TASK: Retype, without any change, the first line of the records and every line after it through the one containing "has the form".

Dataset excerpts

|---|

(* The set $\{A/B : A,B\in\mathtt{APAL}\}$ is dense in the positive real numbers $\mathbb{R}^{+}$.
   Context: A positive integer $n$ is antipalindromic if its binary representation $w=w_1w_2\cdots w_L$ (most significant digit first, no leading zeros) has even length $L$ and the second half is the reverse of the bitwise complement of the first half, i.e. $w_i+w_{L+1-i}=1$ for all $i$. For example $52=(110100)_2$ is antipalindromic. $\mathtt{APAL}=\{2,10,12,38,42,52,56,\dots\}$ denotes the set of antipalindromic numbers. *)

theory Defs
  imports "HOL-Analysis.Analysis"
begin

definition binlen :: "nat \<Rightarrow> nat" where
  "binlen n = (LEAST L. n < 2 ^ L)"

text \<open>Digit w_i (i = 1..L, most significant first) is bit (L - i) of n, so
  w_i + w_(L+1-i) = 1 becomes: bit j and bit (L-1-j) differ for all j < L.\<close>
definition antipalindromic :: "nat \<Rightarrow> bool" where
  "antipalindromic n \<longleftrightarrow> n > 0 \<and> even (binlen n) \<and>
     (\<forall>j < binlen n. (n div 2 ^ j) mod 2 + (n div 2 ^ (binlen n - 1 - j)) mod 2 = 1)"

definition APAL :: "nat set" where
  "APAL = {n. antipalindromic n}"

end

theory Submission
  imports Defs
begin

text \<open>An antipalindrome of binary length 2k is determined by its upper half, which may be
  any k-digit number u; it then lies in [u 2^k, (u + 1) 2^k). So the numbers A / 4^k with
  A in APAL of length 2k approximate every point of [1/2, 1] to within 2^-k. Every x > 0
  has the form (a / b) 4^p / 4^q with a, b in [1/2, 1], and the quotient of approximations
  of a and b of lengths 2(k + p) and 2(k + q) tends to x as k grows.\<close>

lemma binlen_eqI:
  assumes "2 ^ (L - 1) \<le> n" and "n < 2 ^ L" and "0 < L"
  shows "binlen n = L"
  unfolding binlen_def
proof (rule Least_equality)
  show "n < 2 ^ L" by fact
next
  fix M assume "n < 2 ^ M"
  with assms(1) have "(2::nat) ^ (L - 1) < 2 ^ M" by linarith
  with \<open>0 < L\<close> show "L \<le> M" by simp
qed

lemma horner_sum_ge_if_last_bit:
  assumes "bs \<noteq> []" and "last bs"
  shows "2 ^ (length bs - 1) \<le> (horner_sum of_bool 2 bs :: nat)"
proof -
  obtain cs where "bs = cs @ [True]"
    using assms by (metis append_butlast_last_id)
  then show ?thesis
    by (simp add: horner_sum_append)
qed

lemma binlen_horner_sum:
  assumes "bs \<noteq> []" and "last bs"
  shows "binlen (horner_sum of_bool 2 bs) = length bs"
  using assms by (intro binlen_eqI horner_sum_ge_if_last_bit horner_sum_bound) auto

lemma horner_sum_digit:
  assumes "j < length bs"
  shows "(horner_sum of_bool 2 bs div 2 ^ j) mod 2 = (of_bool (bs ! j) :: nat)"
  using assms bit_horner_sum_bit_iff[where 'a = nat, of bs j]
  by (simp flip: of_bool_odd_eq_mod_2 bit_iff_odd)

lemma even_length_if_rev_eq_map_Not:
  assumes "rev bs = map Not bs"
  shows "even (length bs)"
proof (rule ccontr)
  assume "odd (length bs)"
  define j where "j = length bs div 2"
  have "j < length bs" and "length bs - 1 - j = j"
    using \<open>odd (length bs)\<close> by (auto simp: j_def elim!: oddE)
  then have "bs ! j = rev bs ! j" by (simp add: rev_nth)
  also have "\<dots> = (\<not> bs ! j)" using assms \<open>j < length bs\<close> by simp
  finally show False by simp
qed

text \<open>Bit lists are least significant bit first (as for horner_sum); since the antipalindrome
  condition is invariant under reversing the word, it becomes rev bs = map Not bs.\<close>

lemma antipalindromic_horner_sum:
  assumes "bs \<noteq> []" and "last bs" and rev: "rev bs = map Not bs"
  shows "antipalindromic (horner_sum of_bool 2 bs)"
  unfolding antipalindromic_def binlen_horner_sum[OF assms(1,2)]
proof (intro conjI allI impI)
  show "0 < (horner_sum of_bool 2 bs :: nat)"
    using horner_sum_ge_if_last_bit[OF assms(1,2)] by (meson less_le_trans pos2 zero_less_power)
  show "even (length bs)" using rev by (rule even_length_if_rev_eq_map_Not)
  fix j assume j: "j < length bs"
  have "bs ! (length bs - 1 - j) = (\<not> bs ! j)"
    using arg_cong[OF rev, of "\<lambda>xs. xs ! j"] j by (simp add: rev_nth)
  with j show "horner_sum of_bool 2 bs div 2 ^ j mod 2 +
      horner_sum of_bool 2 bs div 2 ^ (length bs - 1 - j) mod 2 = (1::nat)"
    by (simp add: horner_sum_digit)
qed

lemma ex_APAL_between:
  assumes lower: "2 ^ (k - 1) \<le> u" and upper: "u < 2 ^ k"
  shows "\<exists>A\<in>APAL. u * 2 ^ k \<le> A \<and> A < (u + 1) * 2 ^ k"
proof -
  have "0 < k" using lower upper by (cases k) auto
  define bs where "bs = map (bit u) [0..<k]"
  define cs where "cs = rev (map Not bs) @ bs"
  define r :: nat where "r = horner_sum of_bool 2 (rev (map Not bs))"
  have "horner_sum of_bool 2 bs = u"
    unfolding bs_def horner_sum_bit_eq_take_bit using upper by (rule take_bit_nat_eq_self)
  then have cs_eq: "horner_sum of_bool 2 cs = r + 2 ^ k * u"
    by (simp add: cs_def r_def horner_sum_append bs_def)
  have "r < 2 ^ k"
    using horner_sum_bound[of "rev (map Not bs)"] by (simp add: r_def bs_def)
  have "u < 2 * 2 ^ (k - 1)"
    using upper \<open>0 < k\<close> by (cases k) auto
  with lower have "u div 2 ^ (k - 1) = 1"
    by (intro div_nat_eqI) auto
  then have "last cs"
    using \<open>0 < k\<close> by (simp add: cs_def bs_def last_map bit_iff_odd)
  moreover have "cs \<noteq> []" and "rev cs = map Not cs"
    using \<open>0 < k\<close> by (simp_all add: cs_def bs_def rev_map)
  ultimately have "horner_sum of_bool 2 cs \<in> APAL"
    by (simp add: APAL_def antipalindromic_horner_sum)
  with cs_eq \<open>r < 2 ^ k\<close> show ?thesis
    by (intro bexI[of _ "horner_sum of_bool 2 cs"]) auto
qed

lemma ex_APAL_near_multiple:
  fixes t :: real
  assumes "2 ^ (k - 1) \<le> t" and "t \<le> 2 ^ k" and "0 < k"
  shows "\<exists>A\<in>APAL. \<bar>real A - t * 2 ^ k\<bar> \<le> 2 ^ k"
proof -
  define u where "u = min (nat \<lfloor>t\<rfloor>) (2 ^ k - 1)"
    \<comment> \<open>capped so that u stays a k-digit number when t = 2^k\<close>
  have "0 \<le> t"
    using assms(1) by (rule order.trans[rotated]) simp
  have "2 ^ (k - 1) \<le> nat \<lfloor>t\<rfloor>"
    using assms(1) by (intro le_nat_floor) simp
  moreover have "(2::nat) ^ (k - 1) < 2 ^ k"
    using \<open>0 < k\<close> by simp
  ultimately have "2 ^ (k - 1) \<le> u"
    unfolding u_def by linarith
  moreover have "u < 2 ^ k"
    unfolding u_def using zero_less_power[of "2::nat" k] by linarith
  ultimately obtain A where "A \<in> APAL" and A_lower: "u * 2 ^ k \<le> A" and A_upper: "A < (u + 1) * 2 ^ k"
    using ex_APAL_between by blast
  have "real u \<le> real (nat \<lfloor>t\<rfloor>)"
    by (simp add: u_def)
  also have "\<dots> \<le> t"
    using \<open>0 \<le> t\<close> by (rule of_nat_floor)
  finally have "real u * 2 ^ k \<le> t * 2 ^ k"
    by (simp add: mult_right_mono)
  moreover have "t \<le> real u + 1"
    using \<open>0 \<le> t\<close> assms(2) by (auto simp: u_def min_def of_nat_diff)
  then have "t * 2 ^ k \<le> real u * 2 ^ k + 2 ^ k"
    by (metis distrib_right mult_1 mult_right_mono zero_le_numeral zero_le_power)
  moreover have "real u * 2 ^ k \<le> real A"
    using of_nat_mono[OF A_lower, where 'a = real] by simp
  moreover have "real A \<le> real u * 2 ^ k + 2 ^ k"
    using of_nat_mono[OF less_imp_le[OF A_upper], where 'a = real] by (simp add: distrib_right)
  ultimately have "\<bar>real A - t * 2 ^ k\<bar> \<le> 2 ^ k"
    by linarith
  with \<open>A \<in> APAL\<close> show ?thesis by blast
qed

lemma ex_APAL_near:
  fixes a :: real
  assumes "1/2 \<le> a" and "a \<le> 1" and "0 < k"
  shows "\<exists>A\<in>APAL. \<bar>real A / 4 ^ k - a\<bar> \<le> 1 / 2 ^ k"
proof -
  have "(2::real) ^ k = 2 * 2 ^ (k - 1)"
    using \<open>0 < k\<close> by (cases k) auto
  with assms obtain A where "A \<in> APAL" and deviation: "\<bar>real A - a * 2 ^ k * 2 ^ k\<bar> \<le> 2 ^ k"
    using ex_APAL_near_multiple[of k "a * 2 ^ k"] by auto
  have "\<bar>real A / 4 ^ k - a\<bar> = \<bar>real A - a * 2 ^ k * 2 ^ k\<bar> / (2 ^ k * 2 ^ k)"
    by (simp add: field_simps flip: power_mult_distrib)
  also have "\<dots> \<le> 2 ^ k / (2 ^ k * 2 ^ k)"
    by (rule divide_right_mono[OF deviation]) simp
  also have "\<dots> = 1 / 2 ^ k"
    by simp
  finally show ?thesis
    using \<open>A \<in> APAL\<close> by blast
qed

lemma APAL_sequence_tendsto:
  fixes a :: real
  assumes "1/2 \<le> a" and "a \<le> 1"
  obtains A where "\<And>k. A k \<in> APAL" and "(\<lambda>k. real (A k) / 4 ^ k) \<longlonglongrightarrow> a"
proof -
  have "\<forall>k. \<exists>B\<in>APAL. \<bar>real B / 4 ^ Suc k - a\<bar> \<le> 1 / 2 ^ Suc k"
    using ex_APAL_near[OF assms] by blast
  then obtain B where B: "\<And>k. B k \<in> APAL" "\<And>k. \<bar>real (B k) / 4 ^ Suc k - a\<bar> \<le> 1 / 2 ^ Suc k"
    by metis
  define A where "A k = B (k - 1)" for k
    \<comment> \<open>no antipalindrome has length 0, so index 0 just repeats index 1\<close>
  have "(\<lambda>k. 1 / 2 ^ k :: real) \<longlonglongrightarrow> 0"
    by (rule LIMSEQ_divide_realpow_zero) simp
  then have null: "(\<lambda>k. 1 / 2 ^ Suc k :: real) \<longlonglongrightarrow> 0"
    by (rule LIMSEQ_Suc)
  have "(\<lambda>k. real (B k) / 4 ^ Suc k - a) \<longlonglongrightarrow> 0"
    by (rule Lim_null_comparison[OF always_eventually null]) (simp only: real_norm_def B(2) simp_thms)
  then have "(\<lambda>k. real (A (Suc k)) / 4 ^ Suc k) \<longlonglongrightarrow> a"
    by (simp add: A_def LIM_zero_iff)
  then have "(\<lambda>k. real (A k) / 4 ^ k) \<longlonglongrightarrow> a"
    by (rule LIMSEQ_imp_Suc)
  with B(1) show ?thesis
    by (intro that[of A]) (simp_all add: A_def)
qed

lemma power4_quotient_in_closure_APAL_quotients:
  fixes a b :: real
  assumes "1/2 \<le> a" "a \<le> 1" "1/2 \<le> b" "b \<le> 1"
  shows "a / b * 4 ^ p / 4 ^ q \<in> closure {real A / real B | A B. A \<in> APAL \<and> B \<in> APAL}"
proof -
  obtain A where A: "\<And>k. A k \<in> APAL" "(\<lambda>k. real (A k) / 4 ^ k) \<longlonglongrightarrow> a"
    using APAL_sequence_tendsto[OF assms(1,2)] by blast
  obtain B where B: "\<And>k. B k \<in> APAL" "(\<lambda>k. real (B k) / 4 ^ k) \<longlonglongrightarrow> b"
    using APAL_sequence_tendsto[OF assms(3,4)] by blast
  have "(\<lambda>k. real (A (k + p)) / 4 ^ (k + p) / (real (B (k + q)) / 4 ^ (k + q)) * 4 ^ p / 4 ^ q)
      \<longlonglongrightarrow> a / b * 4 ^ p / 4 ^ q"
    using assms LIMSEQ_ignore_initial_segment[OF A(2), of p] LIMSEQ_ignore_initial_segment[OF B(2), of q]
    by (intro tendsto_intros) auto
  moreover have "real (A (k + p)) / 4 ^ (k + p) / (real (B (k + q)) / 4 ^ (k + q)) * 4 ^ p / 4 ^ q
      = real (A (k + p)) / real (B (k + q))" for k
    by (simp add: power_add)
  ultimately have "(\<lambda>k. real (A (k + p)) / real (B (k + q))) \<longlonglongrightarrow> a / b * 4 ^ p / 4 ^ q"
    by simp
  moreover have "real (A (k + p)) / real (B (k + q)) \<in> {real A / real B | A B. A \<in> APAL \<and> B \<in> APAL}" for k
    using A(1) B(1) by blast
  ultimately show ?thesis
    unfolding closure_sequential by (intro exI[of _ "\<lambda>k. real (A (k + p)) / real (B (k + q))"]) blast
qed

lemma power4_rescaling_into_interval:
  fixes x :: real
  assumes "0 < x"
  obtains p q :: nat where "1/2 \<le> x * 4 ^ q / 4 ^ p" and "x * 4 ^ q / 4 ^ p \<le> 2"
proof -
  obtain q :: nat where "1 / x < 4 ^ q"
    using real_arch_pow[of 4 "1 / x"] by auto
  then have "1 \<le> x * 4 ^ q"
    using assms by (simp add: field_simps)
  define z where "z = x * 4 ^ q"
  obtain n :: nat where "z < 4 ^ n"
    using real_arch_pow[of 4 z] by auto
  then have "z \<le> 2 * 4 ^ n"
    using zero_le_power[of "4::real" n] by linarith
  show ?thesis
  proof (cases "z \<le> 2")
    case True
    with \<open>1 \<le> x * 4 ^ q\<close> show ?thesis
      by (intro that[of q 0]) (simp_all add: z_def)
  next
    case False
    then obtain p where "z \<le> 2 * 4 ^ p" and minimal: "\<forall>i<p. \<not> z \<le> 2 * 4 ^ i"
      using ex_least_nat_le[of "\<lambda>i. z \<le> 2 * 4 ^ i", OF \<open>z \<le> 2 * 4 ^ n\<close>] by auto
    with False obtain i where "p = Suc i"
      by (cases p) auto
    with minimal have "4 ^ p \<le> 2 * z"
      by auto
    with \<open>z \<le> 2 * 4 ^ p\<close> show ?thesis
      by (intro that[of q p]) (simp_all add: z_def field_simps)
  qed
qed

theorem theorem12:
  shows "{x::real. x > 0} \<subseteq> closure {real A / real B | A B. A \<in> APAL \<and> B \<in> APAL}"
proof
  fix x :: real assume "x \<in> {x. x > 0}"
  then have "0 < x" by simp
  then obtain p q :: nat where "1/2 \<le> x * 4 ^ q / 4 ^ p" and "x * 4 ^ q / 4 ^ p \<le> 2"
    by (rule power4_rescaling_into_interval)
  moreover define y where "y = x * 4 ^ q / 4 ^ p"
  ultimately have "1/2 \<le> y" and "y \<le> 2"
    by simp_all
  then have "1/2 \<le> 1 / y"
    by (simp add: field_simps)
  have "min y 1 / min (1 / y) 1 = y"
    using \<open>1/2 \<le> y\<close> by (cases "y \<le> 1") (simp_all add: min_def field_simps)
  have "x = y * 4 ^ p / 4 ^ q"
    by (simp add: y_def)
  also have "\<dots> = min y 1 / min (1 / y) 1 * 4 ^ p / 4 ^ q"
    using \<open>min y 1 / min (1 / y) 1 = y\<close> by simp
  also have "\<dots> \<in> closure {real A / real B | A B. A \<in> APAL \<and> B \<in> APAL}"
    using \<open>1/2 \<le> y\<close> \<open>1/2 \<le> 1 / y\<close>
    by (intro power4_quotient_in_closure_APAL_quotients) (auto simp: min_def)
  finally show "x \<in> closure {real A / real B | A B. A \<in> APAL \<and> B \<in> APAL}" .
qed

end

|---|

TASK RESULT:
(* The set $\{A/B : A,B\in\mathtt{APAL}\}$ is dense in the positive real numbers $\mathbb{R}^{+}$.
   Context: A positive integer $n$ is antipalindromic if its binary representation $w=w_1w_2\cdots w_L$ (most significant digit first, no leading zeros) has even length $L$ and the second half is the reverse of the bitwise complement of the first half, i.e. $w_i+w_{L+1-i}=1$ for all $i$. For example $52=(110100)_2$ is antipalindromic. $\mathtt{APAL}=\{2,10,12,38,42,52,56,\dots\}$ denotes the set of antipalindromic numbers. *)

theory Defs
  imports "HOL-Analysis.Analysis"
begin

definition binlen :: "nat \<Rightarrow> nat" where
  "binlen n = (LEAST L. n < 2 ^ L)"

text \<open>Digit w_i (i = 1..L, most significant first) is bit (L - i) of n, so
  w_i + w_(L+1-i) = 1 becomes: bit j and bit (L-1-j) differ for all j < L.\<close>
definition antipalindromic :: "nat \<Rightarrow> bool" where
  "antipalindromic n \<longleftrightarrow> n > 0 \<and> even (binlen n) \<and>
     (\<forall>j < binlen n. (n div 2 ^ j) mod 2 + (n div 2 ^ (binlen n - 1 - j)) mod 2 = 1)"

definition APAL :: "nat set" where
  "APAL = {n. antipalindromic n}"

end

theory Submission
  imports Defs
begin

text \<open>An antipalindrome of binary length 2k is determined by its upper half, which may be
  any k-digit number u; it then lies in [u 2^k, (u + 1) 2^k). So the numbers A / 4^k with
  A in APAL of length 2k approximate every point of [1/2, 1] to within 2^-k. Every x > 0
  has the form (a / b) 4^p / 4^q with a, b in [1/2, 1], and the quotient of approximations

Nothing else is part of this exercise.